I'm expecting these messages to show up if the datanode is in maintenance or missing.

 } catch (NodeNotFoundException e) {
        // We already validated the host strings and retrieved the DnDetails
        // object from the node manager. Therefore we should never get a
        // NodeNotFoundException here expect if the node is remove in the
        // very short window between validation and starting decom.
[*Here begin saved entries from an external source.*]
lemma binomial_sq_div_fact_le:
  "real (n choose k)^2 / fact k \<le> (exp 3 * real n ^ 2 / real k ^ 3) ^ k"
proof (cases "k = 0")
  case False
  have "exp 1 ^ k = exp (real k)" using exp_of_nat_mult[of k "1::real"] by simp
  then have fact_lower: "(real k / exp 1) ^ k \<le> fact k"
    using power_div_fact_le_exp[of "real k" k] by (simp add: power_divide field_simps)
  have "real ((n choose k) * fact k) \<le> real (n ^ k)"
    using binomial_fact_pow[of n k] by (simp only: of_nat_le_iff)
  then have "real (n choose k) \<le> real n ^ k / fact k"
    by (simp add: field_simps)
  then have "real (n choose k)^2 / fact k \<le> (real n ^ k / fact k)^2 / fact k"
    by (intro divide_right_mono power_mono) auto
  also have "\<dots> = (real n ^ 2) ^ k / fact k ^ 3"
    by (simp add: power2_eq_square power3_eq_cube power_mult_distrib)
  also have "\<dots> \<le> (real n ^ 2) ^ k / ((real k / exp 1) ^ k) ^ 3"
    using False fact_lower by (intro divide_left_mono power_mono) auto
  also have "\<dots> = (exp 3 * real n ^ 2 / real k ^ 3) ^ k"
    using exp_of_nat_mult[of 3 "1::real"]
    by (simp add: power_divide power_mult_distrib power_mult[symmetric] mult.commute)
  finally show ?thesis .
qed simp

lemma exp_3_mult_sq_div_cube_le:
  fixes \<alpha> x :: real
  assumes "n > 0" and "real n powr (2/3 + \<alpha>) \<le> x"
    and "exp 5 * real n powr (- 3 * \<alpha> / 2) \<le> 1"
  shows "exp 3 * real n ^ 2 / x ^ 3 \<le> exp 5 * real n powr (- 3 * \<alpha> / 2)"
proof -
  let ?c = "exp 5 * real n powr (- 3 * \<alpha> / 2)"
  have "real n powr (2 + 3 * \<alpha>) = (real n powr (2/3 + \<alpha>)) ^ 3"
    using assms(1) by (simp add: powr_powr powr_realpow[symmetric] algebra_simps)
  also have "\<dots> \<le> x ^ 3"
    using assms(2) by (intro power_mono) auto
  finally have x3: "real n powr (2 + 3 * \<alpha>) \<le> x ^ 3" .
  have "exp 3 * real n ^ 2 / x ^ 3 \<le> exp 3 * real n ^ 2 / real n powr (2 + 3 * \<alpha>)"
  proof (rule divide_left_mono)
    have "real n powr (2 + 3 * \<alpha>) > 0" using assms(1) by simp
    moreover have "x ^ 3 > 0" using calculation x3 by linarith
    ultimately show "0 < x ^ 3 * real n powr (2 + 3 * \<alpha>)" by simp
  qed (use x3 in auto)
  also have "\<dots> = exp 3 * real n powr (- 3 * \<alpha>)"
    using assms(1) by (simp add: powr_add powr_minus_divide)
  also have "\<dots> = ?c ^ 2 / exp 7"
  proof -
    have "(real n powr (- 3 * \<alpha> / 2)) ^ 2 = real n powr (- 3 * \<alpha>)"
      using assms(1) by (simp add: powr_realpow[symmetric] powr_powr)
    moreover have "exp 5 ^ 2 = exp 7 * (exp 3 :: real)"
      by (simp add: power2_eq_square exp_add[symmetric])
    ultimately show ?thesis by (simp add: power_mult_distrib)
  qed
  also have "\<dots> \<le> ?c ^ 2"
    by (simp add: divide_le_eq mult_le_cancel_left1)
  also have "\<dots> \<le> ?c"
    using assms(3) by (simp add: power2_eq_square mult_left_le)
  finally show ?thesis .
qed

lemma card_ord_int_shift_ge_div_le:
  fixes A :: "int set" and h :: int
  assumes "finite A" and "h > 0"
  shows "real (card {\<pi> \<in> permutations_of_set A. k \<le> ord_int \<pi> (shift_seq \<pi> h)})
           / real (card (permutations_of_set A))
         \<le> real (card A choose k)^2 / fact k"
proof -
  let ?S = "{\<pi> \<in> permutations_of_set A. k \<le> ord_int \<pi> (shift_seq \<pi> h)}"
  let ?C = "{\<pi> \<in> permutations_of_set A.
              \<exists>\<rho>. subseq \<rho> \<pi> \<and> subseq \<rho> (shift_seq \<pi> h) \<and> length \<rho> = k}"
  have "?S \<subseteq> ?C" using common_subseq_if_le_ord_int by blast
  then have "card ?S \<le> card ?C" by (intro card_mono) auto
  then have "card ?S * fact k \<le> (card A choose k)^2 * fact (card A)"
    using card_permutations_common_shift_subseq_le[OF assms, of k] by (meson le_trans mult_le_mono1)
  then have "real (card ?S * fact k) \<le> real ((card A choose k)^2 * fact (card A))"
    by (simp only: of_nat_le_iff)
  then show ?thesis using assms(1) by (simp add: field_simps)
qed

lemma binomial_sq_div_fact_le_powr:
  fixes \<alpha> :: real
  assumes "n > 0" and "real n powr (2/3 + \<alpha>) \<le> real k"
    and "exp 5 * real n powr (- 3 * \<alpha> / 2) < 1"
  shows "real (n choose k)^2 / fact k
           \<le> (exp 5 * real n powr (- 3 * \<alpha> / 2)) powr (real n powr (2/3 + \<alpha>))"
proof -
  let ?c = "exp 5 * real n powr (- 3 * \<alpha> / 2)"
  have "real (n choose k)^2 / fact k \<le> (exp 3 * real n ^ 2 / real k ^ 3) ^ k"
    by (rule binomial_sq_div_fact_le)
  also have "\<dots> \<le> ?c ^ k"
    using assms by (intro power_mono exp_3_mult_sq_div_cube_le) auto
  also have "\<dots> = ?c powr real k"
    using assms(1) by (simp add: powr_realpow)
  also have "\<dots> \<le> ?c powr (real n powr (2/3 + \<alpha>))"
    using assms(2,3) by (intro powr_mono') auto
  finally show ?thesis .
qed

theorem lemma3p6:
  fixes \<alpha> :: real and n h :: nat
  assumes "\<alpha> > 0" and "n > 0" and "h > 0"
  shows "real (card {\<pi> \<in> permutations_of_set {1..int n}.
                real (ord_int \<pi> (shift_seq \<pi> (int h))) \<ge> real n powr (2/3 + \<alpha>)})
           / real (card (permutations_of_set {1..int n}))
         \<le> (exp 5 * real n powr (- 3 * \<alpha> / 2)) powr (real n powr (2/3 + \<alpha>))"
    (is "real (card ?S) / real (card ?P) \<le> ?c powr ?m")
proof -
  define k where "k = nat \<lceil>?m\<rceil>"
  have prob: "real (card ?S) / real (card ?P) \<le> real (n choose k)^2 / fact k"
    using card_ord_int_shift_ge_div_le[of "{1..int n}" "int h" k] assms(3)
    by (simp add: k_def nat_le_iff ceiling_le_iff)
  show ?thesis
  proof (cases "?c < 1")
    case True
    then have "real (n choose k)^2 / fact k \<le> ?c powr ?m"
      using assms(2) by (intro binomial_sq_div_fact_le_powr) (simp_all add: k_def real_nat_ceiling_ge)
    with prob show ?thesis by linarith
  next
    case False
    have "real (card ?S) \<le> real (card ?P)"
      using card_mono[OF finite_permutations_of_set Collect_subset] by (simp only: of_nat_le_iff)
    then have "real (card ?S) / real (card ?P) \<le> 1"
      by (simp add: divide_le_eq_1)
    also have "1 \<le> ?c powr ?m"
      using False by (intro ge_one_powr_ge_zero) auto
    finally show ?thesis .
  qed
qed

end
Therefore
        // log a warning and ignore the exception
        LOG.warn("The host {} was not found in SCM. Ignoring the request to " +
            "decommission it", dn.getHostName());
        errors.add(new DatanodeAdminError(dn.getHostName(),
            "The host was not found in SCM"));
      } catch (InvalidNodeStateException e) {
        errors.add(new DatanodeAdminError(dn.getHostName(), e.getMessage()));
      }
    }
    return errors;
  }

VarshaRaviCV · 2024-09-16T10:54:14Z

@errose28 If the node is in decommissioning state or is already decommissioned, the logs will show the below error message.

2024-09-16 16:17:39 2024-09-16 10:47:39,592 [IPC Server handler 6 on default port 9860] INFO node.NodeDecommissionManager: Force flag = false. Checking if decommission is possible for dns: [7b15ac8b-b11d-4235-a5cd-494f649b0553(ozone-datanode-1.ozone_default/172.18.0.8)]
2024-09-16 16:17:39 2024-09-16 10:47:39,592 [IPC Server handler 6 on default port 9860] WARN node.NodeDecommissionManager: Cannot decommission ozone-datanode-1.ozone_default because it is not IN-SERVICE
2024-09-16 16:17:39 2024-09-16 10:47:39,592 [IPC Server handler 6 on default port 9860] INFO node.NodeDecommissionManager: Start Decommission called on node 7b15ac8b-b11d-4235-a5cd-494f649b0553(ozone-datanode-1.ozone_default/172.18.0.8) in state DECOMMISSIONING. Nothing to do.

2024-09-16 16:18:19 2024-09-16 10:48:19,993 [IPC Server handler 9 on default port 9860] INFO node.NodeDecommissionManager: Force flag = false. Checking if decommission is possible for dns: [d067994d-ee5f-4735-912d-5a7b93121ac0(ozone-datanode-3.ozone_default/172.18.0.9)]
2024-09-16 16:18:19 2024-09-16 10:48:19,993 [IPC Server handler 9 on default port 9860] WARN node.NodeDecommissionManager: Cannot decommission ozone-datanode-3.ozone_default because it is not IN-SERVICE
2024-09-16 16:18:19 2024-09-16 10:48:19,993 [IPC Server handler 9 on default port 9860] INFO node.NodeDecommissionManager: Start Decommission called on node d067994d-ee5f-4735-912d-5a7b93121ac0(ozone-datanode-3.ozone_default/172.18.0.9) in state DECOMMISSIONED. Nothing to do.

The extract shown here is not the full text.